Re: Wszystko się skomplikowało :(

Postprzez ewka » 29 cze 2012, o 09:06

kasiorek43 napisał(a):A to jest nie fair... bo jak już nie ma argumentu, to się czepia wieku a on nie ma tu nic do rzeczy ewciu

A argumentu to na co niby nie ma? I co w tym czepliwego?

kasiorek43 napisał(a):Drażnią mnie teksty tego typu, bo jakos automatycznie szufladkują, że młodszy, to nic nie wie i jego zdanie nie ma sensu i jest z góry ,,be" ... takie pomniejszanie drugiego człowieka, bo młodszy nie może mieć innego zdania albo racji w jakichś sytuacjach.

No widzę, że Cię drażnią. A może to Tobie się tak AUTOMATYCZNIE szufladkuje – nie pomyślałaś, że to może być również możliwe? Że „czepia”, że „be” i że „pomniejszenie”? W życiu tak nie pomyślałam! I jak najbardziej MOŻE młodszy mieć inne zdanie… a ja MOGĘ mieć też inne, prawda? No tak. Bo każdy może.

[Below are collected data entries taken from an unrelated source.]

(* Let $n\ge3$, $1\le j\le n-1$, $A\in\mathrm{GL}(n)$, and let $K$ and $L$ be origin-symmetric convex bodies with non-empty interior in $\mathbb{R}^n$. If $K$ is the $j$-projection body of $L$, then $AK$ is the $j$-projection body of $|\det A|^{\frac{1}{n-j}}A^{-\mathrm{T}}L$. In particular, the class of $j$-projection bodies is $\mathrm{GL}(n)$ invariant.
   Context: $K$ is called the $j$-projection body of $L$ if $\mathrm{vol}_j(K|E^\perp)=\mathrm{vol}_{n-j}(L|E)$ for every $(n-j)$-dimensional linear subspace $E$ of $\mathbb{R}^n$, where $K|E$ denotes orthogonal projection onto $E$. The class of $j$-projection bodies is the closure in the Hausdorff metric of the set of all $j$-projection bodies of origin-symmetric convex bodies with non-empty interior. $A^{-\mathrm{T}}$ is the inverse transpose of $A$. *)

theory Defs
  imports "HOL-Analysis.Analysis"
begin

definition convex_body :: "'a::euclidean_space set \<Rightarrow> bool" where
  "convex_body K \<longleftrightarrow> compact K \<and> convex K \<and> K \<noteq> {}"

definition origin_symmetric :: "'a::real_vector set \<Rightarrow> bool" where
  "origin_symmetric K \<longleftrightarrow> (\<forall>x\<in>K. - x \<in> K)"

definition proj_onto :: "'a::real_inner set \<Rightarrow> 'a set \<Rightarrow> 'a set" where
  "proj_onto K E = {p \<in> E. \<exists>x\<in>K. \<forall>e\<in>E. inner (x - p) e = 0}"

definition orthonormal_basis_of :: "'a::euclidean_space set \<Rightarrow> nat \<Rightarrow> (nat \<Rightarrow> 'a) \<Rightarrow> bool" where
  "orthonormal_basis_of F k b \<longleftrightarrow>
     (\<forall>i<k. \<forall>l<k. inner (b i) (b l) = (if i = l then 1 else 0)) \<and> span (b ` {..<k}) = F"

text \<open>The (dim F)-dimensional volume of a set X contained in the linear subspace F:
  Lebesgue measure on R^k (k = dim F) of the preimage of X under the linear isometry
  R^k -> F given by an orthonormal basis of F.\<close>
definition subspace_volume :: "'a::euclidean_space set \<Rightarrow> 'a set \<Rightarrow> real" where
  "subspace_volume F X =
     (let k = dim F; b = (SOME b. orthonormal_basis_of F k b) in
      measure (PiM {..<k} (\<lambda>_. lborel))
        ((\<lambda>x. \<Sum>i<k. x i *\<^sub>R b i) -` X \<inter> space (PiM {..<k} (\<lambda>_. lborel))))"

definition is_j_projection_body :: "nat \<Rightarrow> 'a::euclidean_space set \<Rightarrow> 'a set \<Rightarrow> bool" where
  "is_j_projection_body j K L \<longleftrightarrow>
     (\<forall>E. subspace E \<and> dim E = DIM('a) - j \<longrightarrow>
        subspace_volume (orthogonal_comp E) (proj_onto K (orthogonal_comp E)) =
        subspace_volume E (proj_onto L E))"

definition hausdorff_dist :: "'a::metric_space set \<Rightarrow> 'a set \<Rightarrow> real" where
  "hausdorff_dist S T = max (SUP x\<in>S. infdist x T) (SUP y\<in>T. infdist y S)"

text \<open>The class of j-projection bodies: Hausdorff closure (within nonempty compact sets) of
  the set of j-projection bodies of origin-symmetric convex bodies with non-empty interior.\<close>
definition j_projection_class :: "nat \<Rightarrow> 'a::euclidean_space set set" where
  "j_projection_class j =
     (let P = {K. convex_body K \<and> origin_symmetric K \<and>
                  (\<exists>L. convex_body L \<and> origin_symmetric L \<and> interior L \<noteq> {} \<and>
                       is_j_projection_body j K L)}
      in {C. compact C \<and> C \<noteq> {} \<and>
             (\<exists>X. (\<forall>i::nat. X i \<in> P) \<and> (\<lambda>i. hausdorff_dist (X i) C) \<longlonglongrightarrow> 0)})"

end

theory Submission
  imports Defs
begin

text \<open>
  Fix a subspace \<open>E\<close> of dimension \<open>n - j\<close>, let \<open>F = E\<^sup>\<bottom>\<close> and \<open>G = A\<^sup>T F\<close>, and write
  \<open>P\<^sub>V\<close> for orthogonal projection onto \<open>V\<close>. Since \<open>A G\<^sup>\<bottom> = E\<close> and \<open>A\<^sup>-\<^sup>T G = F\<close>, the
  projections factor as \<open>(A K)|F = T (K|G)\<close> and \<open>(A\<^sup>-\<^sup>T L)|E = T' (L|G\<^sup>\<bottom>)\<close> with
  \<open>T = P\<^sub>F A : G \<rightarrow> F\<close> and \<open>T' = P\<^sub>E A\<^sup>-\<^sup>T : G\<^sup>\<bottom> \<rightarrow> E\<close>, and the hypothesis applied to the
  \<open>(n - j)\<close>-dimensional space \<open>G\<^sup>\<bottom>\<close> gives \<open>vol(K|G) = vol(L|G\<^sup>\<bottom>)\<close>. It remains to compare
  the factors by which \<open>T\<close> and \<open>T'\<close> scale volume. Deleting the block \<open>P\<^sub>E A P\<^sub>G\<close> from \<open>A\<close>
  is a square-zero perturbation, so it keeps \<open>|det A|\<close>, and for a map that is block diagonal
  for \<open>G \<oplus> G\<^sup>\<bottom> \<rightarrow> F \<oplus> E\<close> the two block factors multiply to \<open>|det|\<close>; hence
  \<open>factor T \<cdot> factor (A|G\<^sup>\<bottom>) = |det A|\<close>. Moreover \<open>T'\<close> inverts \<open>P\<^sub>G\<^sub>\<bottom> A\<^sup>T : E \<rightarrow> G\<^sup>\<bottom>\<close>,
  the adjoint of \<open>A|G\<^sup>\<bottom>\<close>, and adjoints scale volume alike, so
  \<open>factor T = |det A| \<cdot> factor T'\<close>. Scaling by \<open>|det A| powr (1 / (n - j))\<close> multiplies
  volumes in \<open>E\<close> by exactly \<open>|det A|\<close>. The class is invariant because linear maps are
  Lipschitz for the Hausdorff distance.
\<close>

section \<open>Lebesgue measure of linear images\<close>

lemma abs_det_involution:
  fixes J :: "real^'n \<Rightarrow> real^'n"
  assumes "linear J" and "\<And>x. J (J x) = x"
  shows "\<bar>det (matrix J)\<bar> = 1"
proof -
  have "J \<circ> J = id" using assms(2) by auto
  then have "det (matrix J) * det (matrix J) = 1"
    using matrix_compose[OF assms(1) assms(1)] by (metis det_I det_mul matrix_id_mat_1)
  then show ?thesis by (auto simp: square_eq_1_iff)
qed

lemma measure_swap_coordinates_cbox:
  "measure lebesgue ((\<lambda>x::real^'n. \<chi> i. x $ Transposition.transpose m n i) ` cbox a b)
     = measure lebesgue (cbox a b)"
proof (cases "cbox a b = {}")
  case False
  let ?f = "\<lambda>x::real^'n. \<chi> i. x $ Transposition.transpose m n i"
  have box: "?f ` cbox a b = cbox (?f a) (?f b)"
    by (auto simp: image_iff lambda_swap_Galois mem_box_cart) (metis transpose_involutory)+
  with False have "cbox (?f a) (?f b) \<noteq> {}" by (metis image_is_empty)
  with False show ?thesis
    using prod.permute[OF permutes_swap_id[of m UNIV n], of "\<lambda>i. b $ i - a $ i"]
    by (simp add: box content_cbox_cart o_def)
qed simp

lemma measure_shear_cbox:
  fixes a b :: "real^'n"
  assumes "m \<noteq> n"
  shows "measure lebesgue ((\<lambda>x. \<chi> i. if i = m then x $ m + x $ n else x $ i) ` cbox a b)
       = measure lebesgue (cbox a b)"
proof (cases "cbox a b = {}")
  case False
  let ?f = "\<lambda>x::real^'n. \<chi> i. if i = m then x $ m + x $ n else x $ i"
  have lin: "linear ?f" by (rule linearI) (simp_all add: vec_eq_iff algebra_simps)
  \<comment> \<open>\<open>measure_shear_interval\<close> wants a box whose \<open>n\<close>-th lower corner is nonnegative.\<close>
  define t where "t = axis n (a $ n)"
  have "?f ` cbox a b = (+) (?f t) ` ?f ` cbox (a - t) (b - t)"
    using cbox_translation[of t "a - t" "b - t"]
    by (simp add: image_comp o_def linear_add[OF lin])
  then have "measure lebesgue (?f ` cbox a b) = measure lebesgue (?f ` cbox (a - t) (b - t))"
    by (simp add: measure_translation)
  also have "\<dots> = measure lebesgue (cbox (a - t) (b - t))"
    using False assms
    by (intro measure_shear_interval) (auto simp: t_def box_ne_empty inner_diff_left)
  also have "\<dots> = measure lebesgue (cbox a b)"
    using cbox_translation[of t "a - t" "b - t"] by (simp add: measure_translation)
  finally show ?thesis .
qed simp

lemma det_shear:
  assumes "m \<noteq> n"
  shows "det (matrix (\<lambda>x::real^'n. \<chi> i. if i = m then x $ m + x $ n else x $ i)) = 1"
proof -
  have "matrix (\<lambda>x::real^'n. \<chi> i. if i = m then x $ m + x $ n else x $ i)
      = (\<chi> k. if k = m then row m (mat 1) + 1 *s row n (mat 1) else row k (mat 1))"
    using assms by (auto simp: matrix_def vec_eq_iff row_def mat_def axis_def)
  then show ?thesis
    using det_row_operation[OF assms, of "mat 1" 1] by simp
qed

Jeśli się poczułaś „pomniejszona”, to ja Cię oczywiście mogę przeprosić… wiedz jednak, że nawet cienia takich intencji nie miałam.

Wyluzuj trochę, Kaśka :buziaki:
Avatar użytkownika
ewka
 
Posty: 10447
Dołączył(a): 4 maja 2007, o 18:16

Re: Wszystko się skomplikowało :(

Postprzez ewka » 29 cze 2012, o 09:08

sikorka napisał(a):
kasiorek43 napisał(a):A to jest nie fair... bo jak już nie ma argumentu, to się czepia wieku a on nie ma tu nic do rzeczy ewciu.

kasiorku, zawsze to mozna odczytac jako komplement - my mlodziez - piekna i wciaz mloda, a ewka? :wink: wnioskuje, ze juz nie-mlodziez :wink: wiec jej zostaje tylko 'i' :kwiatek:

No właśnie:) Więc póki co - trzymam się tego "i"... i nie puszczam :)
Avatar użytkownika
ewka
 
Posty: 10447
Dołączył(a): 4 maja 2007, o 18:16

Re: Wszystko się skomplikowało :(

Postprzez ewka » 29 cze 2012, o 09:11

Kontrowersyjny, drażliwy temat wzbudza silne emocje i "zatracanie" się w pouczeniach, osądach, ocenach. No tak to już u nas jest.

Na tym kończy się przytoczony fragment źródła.